TASK DETAILS → Output only this range of the data below: the line that contains "m = (\<lambda>x." through the final line, both ends included, each retyped exactly.

*** Opening DATASET ***

lemma M_PR_mod_imp_M_PR_FactGroup:
  assumes H: "subgroup H G" and E: "E \<subseteq> carrier G" and P: "M_PR_mod G M H E"
  shows "M_PR (G Mod H) M ((\<lambda>x. H #> x) ` E)"
  unfolding M_PR_def
proof
  fix \<phi> assume "\<phi> \<in> (\<lambda>x. H #> x) ` E \<rightarrow> roots_of_unity M"
  then have \<phi>: "(\<lambda>x. \<phi> (H #> x)) \<in> E \<rightarrow> roots_of_unity M"
    by auto
  obtain c where c: "c \<in> hom G circle_group" "\<forall>y\<in>H. c y = 1" "\<forall>x\<in>E. c x = \<phi> (H #> x)"
    using P[unfolded M_PR_mod_def, rule_format, OF \<phi>] by blast
  obtain c' where c': "c' \<in> hom (G Mod H) circle_group" and c'_coset: "\<And>x. x \<in> carrier G \<Longrightarrow> c' (H #> x) = c x"
    using character_FactGroup[OF H c(1)] c(2) by blast
  have "\<forall>C\<in>(\<lambda>x. H #> x) ` E. c' C = \<phi> C"
    using c'_coset c(3) E by auto
  with c' show "\<exists>c\<in>hom (G Mod H) circle_group. \<forall>C\<in>(\<lambda>x. H #> x) ` E. c C = \<phi> C"
    by blast
qed

lemma M_PR_FactGroup_imp_M_PR_mod:
  assumes H: "subgroup H G" and inj: "inj_on (\<lambda>x. H #> x) E"
    and P: "M_PR (G Mod H) M ((\<lambda>x. H #> x) ` E)"
  shows "M_PR_mod G M H E"
  unfolding M_PR_mod_def
proof
  fix \<phi> assume \<phi>: "\<phi> \<in> E \<rightarrow> roots_of_unity M"
  define \<psi> where "\<psi> C = \<phi> (the_inv_into E (\<lambda>x. H #> x) C)" for C
  have \<psi>_coset: "\<psi> (H #> x) = \<phi> x" if "x \<in> E" for x
    unfolding \<psi>_def using the_inv_into_f_f[OF inj that] by simp
  then have "\<psi> \<in> (\<lambda>x. H #> x) ` E \<rightarrow> roots_of_unity M"
    using \<phi> by auto
  then obtain c' where c': "c' \<in> hom (G Mod H) circle_group" "\<forall>C\<in>(\<lambda>x. H #> x) ` E. c' C = \<psi> C"
    using P unfolding M_PR_def by blast
  interpret N: normal H G
    using H by (rule subgroup_imp_normal)
  have "c' \<circ> (\<lambda>x. H #> x) \<in> hom G circle_group"
    using N.r_coset_hom_Mod c'(1) by (rule Group.hom_compose)
  moreover have "(c' \<circ> (\<lambda>x. H #> x)) y = 1" if "y \<in> H" for y
    using N.rcos_const[OF is_group that] hom_one[OF c'(1) N.factorgroup_is_group group_circle_group]
    by simp
  moreover have "(c' \<circ> (\<lambda>x. H #> x)) x = \<phi> x" if "x \<in> E" for x
    using c'(2) \<psi>_coset that by simp
  ultimately show "\<exists>c\<in>hom G circle_group. (\<forall>y\<in>H. c y = 1) \<and> (\<forall>x\<in>E. c x = \<phi> x)"
    by (intro bexI[of _ "c' \<circ> (\<lambda>x. H #> x)"] conjI ballI)
qed

end

context free_Abelian_evaluation
begin

lemma relations_divisible_Gamma_pm_of_prime_power:
  assumes p: "Factorial_Ring.prime p" and R: "relations_divisible h E {\<one>} (p ^ m)"
  shows "relations_divisible h E (Gamma_pm G p m) p"
  unfolding relations_divisible_def
proof (intro ballI impI allI)
  fix u and g :: 'a
  assume u: "u \<in> carrier (free_Abelian_group E)" and "h u \<in> Gamma_pm G p m"
  then have hu: "h u \<in> carrier G" "\<not> p ^ m dvd ord (h u)"
    by (auto simp: Gamma_pm_iff_ord)
  let ?d = "int (ord (h u))"
  have "frag_cmul ?d u \<in> carrier (free_Abelian_group E)"
    using u keys_cmul by auto
  moreover have "h (frag_cmul ?d u) = \<one>"
    using hom_free_Abelian_group_frag_cmul[OF is_group evaluation_hom] u hu(1)
    by (simp add: int_pow_int)
  ultimately have "int (p ^ m) dvd ?d * poly_mapping.lookup u g"
    using R unfolding relations_divisible_def by fastforce
  show "int p dvd poly_mapping.lookup u g"
  proof (rule ccontr)
    assume "\<not> int p dvd poly_mapping.lookup u g"
    then have "coprime (int p) (poly_mapping.lookup u g)"
      using p by (intro prime_imp_coprime) simp_all
    then have "int (p ^ m) dvd ?d"
      using \<open>int (p ^ m) dvd ?d * poly_mapping.lookup u g\<close> by (simp add: coprime_dvd_mult_left_iff)
    then show False
      using hu(2) by (simp only: int_dvd_int_iff)
  qed
qed

lemma relations_divisible_Gamma_pm_step:
  assumes p: "Factorial_Ring.prime p" and R: "relations_divisible h E (Gamma_pm G p m) p"
    and "j < m" and u: "u \<in> carrier (free_Abelian_group E)" and "h u = \<one>"
    and dvd: "\<forall>x. int (p ^ j) dvd poly_mapping.lookup u x"
  shows "\<forall>x. int (p ^ Suc j) dvd poly_mapping.lookup u x"
proof -
  obtain v where v: "u = frag_cmul (int (p ^ j)) v" "Poly_Mapping.keys v \<subseteq> Poly_Mapping.keys u"
    using frag_cmul_div dvd by blast
  have vE: "v \<in> carrier (free_Abelian_group E)"
    using u v(2) by auto
  then have hv: "h v \<in> carrier G"
    by (rule hom_in_carrier[OF evaluation_hom])
  have "h v [^] (p ^ j) = \<one>"
    using hom_free_Abelian_group_frag_cmul[OF is_group evaluation_hom, of v "int (p ^ j)"] vE v(1)
      \<open>h u = \<one>\<close> by (simp add: int_pow_int flip: of_nat_power)
  then have ord: "ord (h v) dvd p ^ j"
    using hv by (simp add: pow_eq_id)
  have "p > 1"
    using p prime_gt_1_nat by blast
  then have "ord (h v) \<noteq> 0"
    using ord by (metis dvd_0_left_iff not_one_less_zero power_eq_0_iff)
  moreover have "\<not> p ^ m dvd ord (h v)"
    using ord \<open>j < m\<close> \<open>p > 1\<close> by (metis dvd_trans not_le power_dvd_imp_le)
  ultimately have "h v \<in> Gamma_pm G p m"
    using hv by (simp add: Gamma_pm_iff_ord)
  then have "\<forall>x. int p dvd poly_mapping.lookup v x"
    using R vE unfolding relations_divisible_def by blast
  then show ?thesis
    using v(1) by (simp add: mult_dvd_mono mult.commute)
qed

lemma relations_divisible_prime_power_of_Gamma_pm:
  assumes p: "Factorial_Ring.prime p" and R: "relations_divisible h E (Gamma_pm G p m) p"
  shows "relations_divisible h E {\<one>} (p ^ m)"
  unfolding relations_divisible_def
proof (intro ballI impI)
  fix u assume u: "u \<in> carrier (free_Abelian_group E)" and "h u \<in> {\<one>}"
  have "\<forall>x. int (p ^ j) dvd poly_mapping.lookup u x" if "j \<le> m" for j
    using that
  proof (induction j)
    case 0
    then show ?case
      by simp
  next
    case (Suc j)
    then show ?case
      using relations_divisible_Gamma_pm_step[OF p R _ u] \<open>h u \<in> {\<one>}\<close> by simp
  qed
  then show "\<forall>x. int (p ^ m) dvd poly_mapping.lookup u x"
    by simp
qed

lemma relations_divisible_prime_power_iff:
  assumes "Factorial_Ring.prime p"
  shows "relations_divisible h E {\<one>} (p ^ m) \<longleftrightarrow> relations_divisible h E (Gamma_pm G p m) p"
  using assms relations_divisible_Gamma_pm_of_prime_power relations_divisible_prime_power_of_Gamma_pm
  by blast

lemma relations_divisible_imp_inj_on:
  assumes H: "subgroup H G" and "p \<noteq> 1" and R: "relations_divisible h E H p"
  shows "inj_on (\<lambda>x. H #> x) E"
proof (rule inj_onI, rule ccontr)
  fix x y assume x: "x \<in> E" and y: "y \<in> E" and eq: "H #> x = H #> y" and "x \<noteq> y"
  have xy: "x \<in> carrier G" "y \<in> carrier G"
    using generators_subset x y by auto
  let ?u = "frag_of x - frag_of y"
  have "?u \<in> carrier (free_Abelian_group E)"
    using keys_diff[of "frag_of x" "frag_of y"] x y by (auto simp: keys_frag_of)
  moreover have "h ?u = x \<otimes> inv y"
    using hom_free_Abelian_group_diff[OF is_group evaluation_hom] x y evaluation_frag_of
    by (simp add: keys_frag_of)
  moreover have "x \<otimes> inv y \<in> H"
    using subgroup.rcos_module_imp[OF H is_group xy(2)] rcos_self[OF xy(1) H] eq by simp
  ultimately have "int p dvd poly_mapping.lookup ?u x"
    using R unfolding relations_divisible_def by auto
  then have "int p dvd int 1"
    using \<open>x \<noteq> y\<close> by (simp add: lookup_minus)
  then show False
    using \<open>p \<noteq> 1\<close> by (simp only: int_dvd_int_iff nat_dvd_1_iff_1)
qed

lemma relations_divisible_iff_M_PR_FactGroup:
  assumes H: "subgroup H G" and "p > 1"
  shows "relations_divisible h E H p \<longleftrightarrow>
    inj_on (\<lambda>x. H #> x) E \<and> M_PR (G Mod H) p ((\<lambda>x. H #> x) ` E)"
proof -
  have "relations_divisible h E H p \<longleftrightarrow> M_PR_mod G p H E"
    using M_PR_mod_iff_relations_divisible[OF H] assms(2) by simp
  then show ?thesis
    using relations_divisible_imp_inj_on[OF H] M_PR_mod_imp_M_PR_FactGroup[OF H generators_subset]
      M_PR_FactGroup_imp_M_PR_mod[OF H] assms(2)
    by (metis less_irrefl)
qed

lemma relations_divisible_prime_power_iff_pi_pm:
  assumes "Factorial_Ring.prime p" and "m \<ge> 1"
  shows "relations_divisible h E {\<one>} (p ^ m) \<longleftrightarrow>
    inj_on (pi_pm G p m) E \<and> M_PR (G Mod Gamma_pm G p m) p (pi_pm G p m ` E)"
proof -
  have "pi_pm G p m = (\<lambda>x. Gamma_pm G p m #> x)"
    by (simp add: fun_eq_iff pi_pm_def)
  then show ?thesis
    using relations_divisible_prime_power_iff[OF assms(1)]
      relations_divisible_iff_M_PR_FactGroup[OF Gamma_pm_subgroup[OF assms] prime_gt_1_nat[OF assms(1)]]
    by simp
qed

end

*** Closing DATASET ***

TASK SOLUTION →
  have "pi_pm G p m = (\<lambda>x. Gamma_pm G p m #> x)"
    by (simp add: fun_eq_iff pi_pm_def)
  then show ?thesis
    using relations_divisible_prime_power_iff[OF assms(1)]
      relations_divisible_iff_M_PR_FactGroup[OF Gamma_pm_subgroup[OF assms] prime_gt_1_nat[OF assms(1)]]
    by simp
qed

end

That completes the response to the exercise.